Monotonic Stack
A monotonic stack is a regular stack with a constraint — elements are always kept in sorted (monotonic) order, giving O(1) access to the nearest greater or smaller element at any point.
- Replaces O(n²) brute-force "next greater/smaller" scanning with O(n) — each element is pushed once and popped at most once across the entire loop
- Two variants: decreasing stack (pop when current is larger → answers "next greater element"), increasing stack (pop when current is smaller → answers "next smaller element")

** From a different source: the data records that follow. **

lemma proper_vertex_ordering_trans: "proper_vertex_ordering V E lt \<Longrightarrow> trans lt"
  and proper_vertex_ordering_irrefl: "proper_vertex_ordering V E lt \<Longrightarrow> irrefl lt"
  unfolding proper_vertex_ordering_def strict_linear_order_on_def by auto

lemma lend_rend_doubleton:
  assumes "trans lt" "irrefl lt" "(a, b) \<in> lt"
  shows "lend lt {a, b} = a" "rend lt {a, b} = b"
proof -
  have "(b, a) \<notin> lt" using assms by (meson irrefl_def transD)
  then show "lend lt {a, b} = a" "rend lt {a, b} = b"
    unfolding lend_def rend_def
    by (auto intro!: the_equality simp: ole_def assms(3))
qed

lemma edge_as_ordered_pair:
  assumes "graph V E" "proper_vertex_ordering V E lt" "e \<in> E"
  obtains a b where "e = {a, b}" "(a, b) \<in> lt"
proof -
  obtain u v where "u \<noteq> v" "u \<in> V" "v \<in> V" "e = {u, v}"
    using assms(1,3) unfolding graph_def by blast
  moreover have "total_on V lt"
    using assms(2) unfolding proper_vertex_ordering_def strict_linear_order_on_def by blast
  ultimately show thesis
    using that unfolding total_on_def by (metis insert_commute)
qed

lemma edge_between_left:
  assumes "proper_vertex_ordering V E lt" "{u, w} \<in> E" "ole lt u v" "ole lt v w" "u \<noteq> v"
  shows "{u, v} \<in> E"
  using assms unfolding proper_vertex_ordering_def ole_def by blast

lemma edge_between_right:
  assumes "proper_vertex_ordering V E lt" "{u, w} \<in> E" "ole lt u v" "ole lt v w" "v \<noteq> w"
  shows "{v, w} \<in> E"
  using assms unfolding proper_vertex_ordering_def ole_def by blast

lemma not_uniquely_restricted_if_meet:
  assumes "e \<noteq> f" "e \<inter> f \<noteq> {}"
  shows "\<not> uniquely_restricted E {e, f}"
  using assms unfolding uniquely_restricted_def matching_def by blast

lemma uniquely_restrictedD:
  "uniquely_restricted E M \<Longrightarrow> matching E M' \<Longrightarrow> \<Union>M' = \<Union>M \<Longrightarrow> M' = M"
  unfolding uniquely_restricted_def by blast

lemma not_uniquely_restrictedE:
  assumes "\<not> uniquely_restricted E M" "matching E M"
  obtains M' where "matching E M'" "\<Union>M' = \<Union>M" "M' \<noteq> M"
  using assms unfolding uniquely_restricted_def by blast

lemma not_uniquely_restricted_if_swap:
  assumes "{a, c} \<in> E" "{b, d} \<in> E"
    and "a \<noteq> b" "a \<noteq> c" "a \<noteq> d" "b \<noteq> c" "b \<noteq> d" "c \<noteq> d"
  shows "\<not> uniquely_restricted E {{a, b}, {c, d}}"
proof
  assume ur: "uniquely_restricted E {{a, b}, {c, d}}"
  have "{a, c} \<inter> {b, d} = {}" using assms by auto
  then have "matching E {{a, c}, {b, d}}"
    using assms(1,2) unfolding matching_def by auto
  moreover have "\<Union>{{a, c}, {b, d}} = \<Union>{{a, b}, {c, d}}" by auto
  ultimately have "{{a, c}, {b, d}} = {{a, b}, {c, d}}"
    by (rule uniquely_restrictedD[OF ur])
  then have "{a, c} = {a, b} \<or> {a, c} = {c, d}" by (metis insertI1 insert_iff singletonD)
  then show False using assms by (simp add: doubleton_eq_iff)
qed

lemma graph_empty_notin: "graph V E \<Longrightarrow> {} \<notin> E"
  unfolding graph_def by blast

lemma matching_disjoint: "matching E M \<Longrightarrow> e \<in> M \<Longrightarrow> f \<in> M \<Longrightarrow> e \<noteq> f \<Longrightarrow> e \<inter> f = {}"
  unfolding matching_def by blast

lemma matching_partner:
  assumes "graph V E" "matching E M" "v \<in> \<Union>M"
  obtains w where "{v, w} \<in> M" "w \<noteq> v"
proof -
  obtain e where "e \<in> M" "v \<in> e" using assms(3) by blast
  moreover have "e \<in> E" using \<open>e \<in> M\<close> assms(2) unfolding matching_def by blast
  then obtain u w where "u \<noteq> w" "e = {u, w}" using assms(1) unfolding graph_def by blast
  ultimately show thesis using that by (auto simp: insert_commute)
qed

- Reach for it when the problem involves "next greater/smaller", "how many days until", "span", "width of a range", or "area of a rectangle bounded by a histogram"
Quick Revision - Must Do Problems
If short on time, solve only these. They cover ~90% of monotonic stack patterns.
| # | Problem | Pattern | Why It's Essential | Time to Solve |
|---|---|---|---|---|
| 1 | Next Greater Element I | Decreasing Stack | Canonical introduction — use HashMap to query results | 15 min |
| 3 | Daily Temperatures | Decreasing Stack | Most common interview form of the pattern | 10 min |
| 5 | Largest Rectangle in Histogram | Increasing Stack | Hardest form — width calculation on pop is the key trick | 25 min |
Practice Tips
How to Identify a Monotonic Stack Problem
- "For each element, find the next element that is greater/smaller"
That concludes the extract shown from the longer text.